Exercise data START

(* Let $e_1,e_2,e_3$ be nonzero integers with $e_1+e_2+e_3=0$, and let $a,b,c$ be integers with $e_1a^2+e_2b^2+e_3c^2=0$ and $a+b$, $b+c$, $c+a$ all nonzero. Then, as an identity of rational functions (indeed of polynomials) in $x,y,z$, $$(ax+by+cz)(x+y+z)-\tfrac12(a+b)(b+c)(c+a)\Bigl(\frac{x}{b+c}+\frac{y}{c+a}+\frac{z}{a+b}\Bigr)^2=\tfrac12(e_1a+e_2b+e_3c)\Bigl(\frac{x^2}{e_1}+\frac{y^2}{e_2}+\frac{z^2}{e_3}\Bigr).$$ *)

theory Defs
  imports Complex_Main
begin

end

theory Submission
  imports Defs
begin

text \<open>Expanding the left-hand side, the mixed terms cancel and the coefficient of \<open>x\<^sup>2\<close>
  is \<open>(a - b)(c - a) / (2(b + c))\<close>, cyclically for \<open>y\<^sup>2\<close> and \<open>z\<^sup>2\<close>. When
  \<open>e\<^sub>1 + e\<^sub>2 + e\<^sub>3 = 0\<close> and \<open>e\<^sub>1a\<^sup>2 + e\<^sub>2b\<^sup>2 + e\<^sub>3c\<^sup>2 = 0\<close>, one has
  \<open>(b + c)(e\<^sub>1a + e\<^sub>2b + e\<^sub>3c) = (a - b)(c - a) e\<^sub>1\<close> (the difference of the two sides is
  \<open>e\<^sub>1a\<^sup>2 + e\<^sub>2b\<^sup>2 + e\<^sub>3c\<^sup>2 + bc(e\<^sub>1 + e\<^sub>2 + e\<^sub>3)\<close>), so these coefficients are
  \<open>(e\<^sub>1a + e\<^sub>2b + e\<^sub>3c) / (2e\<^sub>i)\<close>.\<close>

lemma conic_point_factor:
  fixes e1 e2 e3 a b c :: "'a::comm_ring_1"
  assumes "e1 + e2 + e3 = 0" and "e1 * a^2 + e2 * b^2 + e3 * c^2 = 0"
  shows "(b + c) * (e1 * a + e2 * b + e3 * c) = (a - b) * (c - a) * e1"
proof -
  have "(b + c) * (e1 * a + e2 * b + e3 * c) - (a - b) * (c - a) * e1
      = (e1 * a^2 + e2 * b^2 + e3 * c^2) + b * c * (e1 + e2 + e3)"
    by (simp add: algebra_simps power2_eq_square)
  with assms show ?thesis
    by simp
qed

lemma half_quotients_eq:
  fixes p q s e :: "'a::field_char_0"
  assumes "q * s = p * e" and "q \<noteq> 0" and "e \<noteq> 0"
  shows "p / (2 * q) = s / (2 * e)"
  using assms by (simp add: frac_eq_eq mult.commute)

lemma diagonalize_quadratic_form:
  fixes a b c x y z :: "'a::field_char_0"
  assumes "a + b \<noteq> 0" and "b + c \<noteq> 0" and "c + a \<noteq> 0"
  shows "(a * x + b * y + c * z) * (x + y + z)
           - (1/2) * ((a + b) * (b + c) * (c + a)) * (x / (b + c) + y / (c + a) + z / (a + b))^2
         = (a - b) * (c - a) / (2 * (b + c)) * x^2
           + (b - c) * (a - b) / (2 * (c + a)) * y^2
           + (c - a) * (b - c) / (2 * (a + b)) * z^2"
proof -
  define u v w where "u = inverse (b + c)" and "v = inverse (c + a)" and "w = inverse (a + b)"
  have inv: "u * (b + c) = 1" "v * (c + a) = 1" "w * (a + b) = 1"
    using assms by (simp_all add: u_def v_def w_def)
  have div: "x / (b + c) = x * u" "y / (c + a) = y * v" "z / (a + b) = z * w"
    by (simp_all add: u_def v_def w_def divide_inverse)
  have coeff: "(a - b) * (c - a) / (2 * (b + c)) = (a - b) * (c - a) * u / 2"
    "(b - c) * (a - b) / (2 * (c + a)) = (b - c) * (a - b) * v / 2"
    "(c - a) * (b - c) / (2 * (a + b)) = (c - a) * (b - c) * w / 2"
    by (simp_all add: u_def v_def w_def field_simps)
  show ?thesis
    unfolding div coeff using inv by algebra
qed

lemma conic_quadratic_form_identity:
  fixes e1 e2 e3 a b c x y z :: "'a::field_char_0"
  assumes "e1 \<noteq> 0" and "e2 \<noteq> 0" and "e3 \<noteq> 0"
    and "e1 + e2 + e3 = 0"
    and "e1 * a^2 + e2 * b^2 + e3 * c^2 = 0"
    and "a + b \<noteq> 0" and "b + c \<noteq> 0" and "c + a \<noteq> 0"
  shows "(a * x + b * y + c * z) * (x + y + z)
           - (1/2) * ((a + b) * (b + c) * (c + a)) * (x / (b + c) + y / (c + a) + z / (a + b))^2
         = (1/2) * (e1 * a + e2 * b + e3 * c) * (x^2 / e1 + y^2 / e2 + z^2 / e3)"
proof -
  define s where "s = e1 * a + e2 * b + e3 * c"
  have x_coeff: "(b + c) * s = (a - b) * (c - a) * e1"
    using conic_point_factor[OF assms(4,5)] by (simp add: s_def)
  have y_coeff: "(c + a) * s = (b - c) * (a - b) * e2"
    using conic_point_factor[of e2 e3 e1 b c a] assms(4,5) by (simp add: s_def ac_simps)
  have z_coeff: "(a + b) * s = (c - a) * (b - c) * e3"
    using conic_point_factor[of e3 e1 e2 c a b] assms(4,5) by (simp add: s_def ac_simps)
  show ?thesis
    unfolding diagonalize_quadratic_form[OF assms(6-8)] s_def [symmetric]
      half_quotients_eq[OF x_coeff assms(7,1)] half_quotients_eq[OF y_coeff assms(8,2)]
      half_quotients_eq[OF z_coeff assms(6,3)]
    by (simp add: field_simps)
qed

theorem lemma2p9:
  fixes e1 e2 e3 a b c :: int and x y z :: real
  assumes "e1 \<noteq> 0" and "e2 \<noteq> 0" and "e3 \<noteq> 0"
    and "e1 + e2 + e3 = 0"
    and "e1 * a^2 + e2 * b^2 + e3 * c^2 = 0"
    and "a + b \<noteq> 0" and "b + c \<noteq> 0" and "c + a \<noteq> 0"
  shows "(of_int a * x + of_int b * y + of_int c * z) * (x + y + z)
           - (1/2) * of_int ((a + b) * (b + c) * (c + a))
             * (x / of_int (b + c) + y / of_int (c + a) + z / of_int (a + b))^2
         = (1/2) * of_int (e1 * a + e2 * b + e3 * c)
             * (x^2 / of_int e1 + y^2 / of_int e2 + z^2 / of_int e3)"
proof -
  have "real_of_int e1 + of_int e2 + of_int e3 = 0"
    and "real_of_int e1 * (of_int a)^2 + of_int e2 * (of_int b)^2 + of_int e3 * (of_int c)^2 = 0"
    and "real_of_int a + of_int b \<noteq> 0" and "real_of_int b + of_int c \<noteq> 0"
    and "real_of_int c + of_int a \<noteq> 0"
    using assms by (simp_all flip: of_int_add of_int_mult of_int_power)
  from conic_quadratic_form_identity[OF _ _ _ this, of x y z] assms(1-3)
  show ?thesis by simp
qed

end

Exercise data END

* Prompt *
Please write out the whole listing exactly as given.

* Problem solution *
(* Let $e_1,e_2,e_3$ be nonzero integers with $e_1+e_2+e_3=0$, and let $a,b,c$ be integers with $e_1a^2+e_2b^2+e_3c^2=0$ and $a+b$, $b+c$, $c+a$ all nonzero. Then, as an identity of rational functions (indeed of polynomials) in $x,y,z$, $$(ax+by+cz)(x+y+z)-\tfrac12(a+b)(b+c)(c+a)\Bigl(\frac{x}{b+c}+\frac{y}{c+a}+\frac{z}{a+b}\Bigr)^2=\tfrac12(e_1a+e_2b+e_3c)\Bigl(\frac{x^2}{e_1}+\frac{y^2}{e_2}+\frac{z^2}{e_3}\Bigr).$$ *)

theory Defs
  imports Complex_Main
begin

end

theory Submission
  imports Defs
begin

text \<open>Expanding the left-hand side, the mixed terms cancel and the coefficient of \<open>x\<^sup>2\<close>
  is \<open>(a - b)(c - a) / (2(b + c))\<close>, cyclically for \<open>y\<^sup>2\<close> and \<open>z\<^sup>2\<close>. When
  \<open>e\<^sub>1 + e\<^sub>2 + e\<^sub>3 = 0\<close> and \<open>e\<^sub>1a\<^sup>2 + e\<^sub>2b\<^sup>2 + e\<^sub>3c\<^sup>2 = 0\<close>, one has
  \<open>(b + c)(e\<^sub>1a + e\<^sub>2b + e\<^sub>3c) = (a - b)(c - a) e\<^sub>1\<close> (the difference of the two sides is
  \<open>e\<^sub>1a\<^sup>2 + e\<^sub>2b\<^sup>2 + e\<^sub>3c\<^sup>2 + bc(e\<^sub>1 + e\<^sub>2 + e\<^sub>3)\<close>), so these coefficients are
  \<open>(e\<^sub>1a + e\<^sub>2b + e\<^sub>3c) / (2e\<^sub>i)\<close>.\<close>

lemma conic_point_factor:
  fixes e1 e2 e3 a b c :: "'a::comm_ring_1"
  assumes "e1 + e2 + e3 = 0" and "e1 * a^2 + e2 * b^2 + e3 * c^2 = 0"
  shows "(b + c) * (e1 * a + e2 * b + e3 * c) = (a - b) * (c - a) * e1"
proof -
  have "(b + c) * (e1 * a + e2 * b + e3 * c) - (a - b) * (c - a) * e1
      = (e1 * a^2 + e2 * b^2 + e3 * c^2) + b * c * (e1 + e2 + e3)"
    by (simp add: algebra_simps power2_eq_square)
  with assms show ?thesis
    by simp
qed

lemma half_quotients_eq:
  fixes p q s e :: "'a::field_char_0"
  assumes "q * s = p * e" and "q \<noteq> 0" and "e \<noteq> 0"
  shows "p / (2 * q) = s / (2 * e)"
  using assms by (simp add: frac_eq_eq mult.commute)

lemma diagonalize_quadratic_form:
  fixes a b c x y z :: "'a::field_char_0"
  assumes "a + b \<noteq> 0" and "b + c \<noteq> 0" and "c + a \<noteq> 0"
  shows "(a * x + b * y + c * z) * (x + y + z)
           - (1/2) * ((a + b) * (b + c) * (c + a)) * (x / (b + c) + y / (c + a) + z / (a + b))^2
         = (a - b) * (c - a) / (2 * (b + c)) * x^2
           + (b - c) * (a - b) / (2 * (c + a)) * y^2
           + (c - a) * (b - c) / (2 * (a + b)) * z^2"
proof -
  define u v w where "u = inverse (b + c)" and "v = inverse (c + a)" and "w = inverse (a + b)"
  have inv: "u * (b + c) = 1" "v * (c + a) = 1" "w * (a + b) = 1"
    using assms by (simp_all add: u_def v_def w_def)
  have div: "x / (b + c) = x * u" "y / (c + a) = y * v" "z / (a + b) = z * w"
    by (simp_all add: u_def v_def w_def divide_inverse)
  have coeff: "(a - b) * (c - a) / (2 * (b + c)) = (a - b) * (c - a) * u / 2"
    "(b - c) * (a - b) / (2 * (c + a)) = (b - c) * (a - b) * v / 2"
    "(c - a) * (b - c) / (2 * (a + b)) = (c - a) * (b - c) * w / 2"
    by (simp_all add: u_def v_def w_def field_simps)
  show ?thesis
    unfolding div coeff using inv by algebra
qed

lemma conic_quadratic_form_identity:
  fixes e1 e2 e3 a b c x y z :: "'a::field_char_0"
  assumes "e1 \<noteq> 0" and "e2 \<noteq> 0" and "e3 \<noteq> 0"
    and "e1 + e2 + e3 = 0"
    and "e1 * a^2 + e2 * b^2 + e3 * c^2 = 0"
    and "a + b \<noteq> 0" and "b + c \<noteq> 0" and "c + a \<noteq> 0"
  shows "(a * x + b * y + c * z) * (x + y + z)
           - (1/2) * ((a + b) * (b + c) * (c + a)) * (x / (b + c) + y / (c + a) + z / (a + b))^2
         = (1/2) * (e1 * a + e2 * b + e3 * c) * (x^2 / e1 + y^2 / e2 + z^2 / e3)"
proof -
  define s where "s = e1 * a + e2 * b + e3 * c"
  have x_coeff: "(b + c) * s = (a - b) * (c - a) * e1"
    using conic_point_factor[OF assms(4,5)] by (simp add: s_def)
  have y_coeff: "(c + a) * s = (b - c) * (a - b) * e2"
    using conic_point_factor[of e2 e3 e1 b c a] assms(4,5) by (simp add: s_def ac_simps)
  have z_coeff: "(a + b) * s = (c - a) * (b - c) * e3"
    using conic_point_factor[of e3 e1 e2 c a b] assms(4,5) by (simp add: s_def ac_simps)
  show ?thesis
    unfolding diagonalize_quadratic_form[OF assms(6-8)] s_def [symmetric]
      half_quotients_eq[OF x_coeff assms(7,1)] half_quotients_eq[OF y_coeff assms(8,2)]
      half_quotients_eq[OF z_coeff assms(6,3)]
    by (simp add: field_simps)
qed

theorem lemma2p9:
  fixes e1 e2 e3 a b c :: int and x y z :: real
  assumes "e1 \<noteq> 0" and "e2 \<noteq> 0" and "e3 \<noteq> 0"
    and "e1 + e2 + e3 = 0"
    and "e1 * a^2 + e2 * b^2 + e3 * c^2 = 0"
    and "a + b \<noteq> 0" and "b + c \<noteq> 0" and "c + a \<noteq> 0"
  shows "(of_int a * x + of_int b * y + of_int c * z) * (x + y + z)
           - (1/2) * of_int ((a + b) * (b + c) * (c + a))
             * (x / of_int (b + c) + y / of_int (c + a) + z / of_int (a + b))^2
         = (1/2) * of_int (e1 * a + e2 * b + e3 * c)
             * (x^2 / of_int e1 + y^2 / of_int e2 + z^2 / of_int e3)"
proof -
  have "real_of_int e1 + of_int e2 + of_int e3 = 0"
    and "real_of_int e1 * (of_int a)^2 + of_int e2 * (of_int b)^2 + of_int e3 * (of_int c)^2 = 0"
    and "real_of_int a + of_int b \<noteq> 0" and "real_of_int b + of_int c \<noteq> 0"
    and "real_of_int c + of_int a \<noteq> 0"
    using assms by (simp_all flip: of_int_add of_int_mult of_int_power)
  from conic_quadratic_form_identity[OF _ _ _ this, of x y z] assms(1-3)
  show ?thesis by simp
qed

end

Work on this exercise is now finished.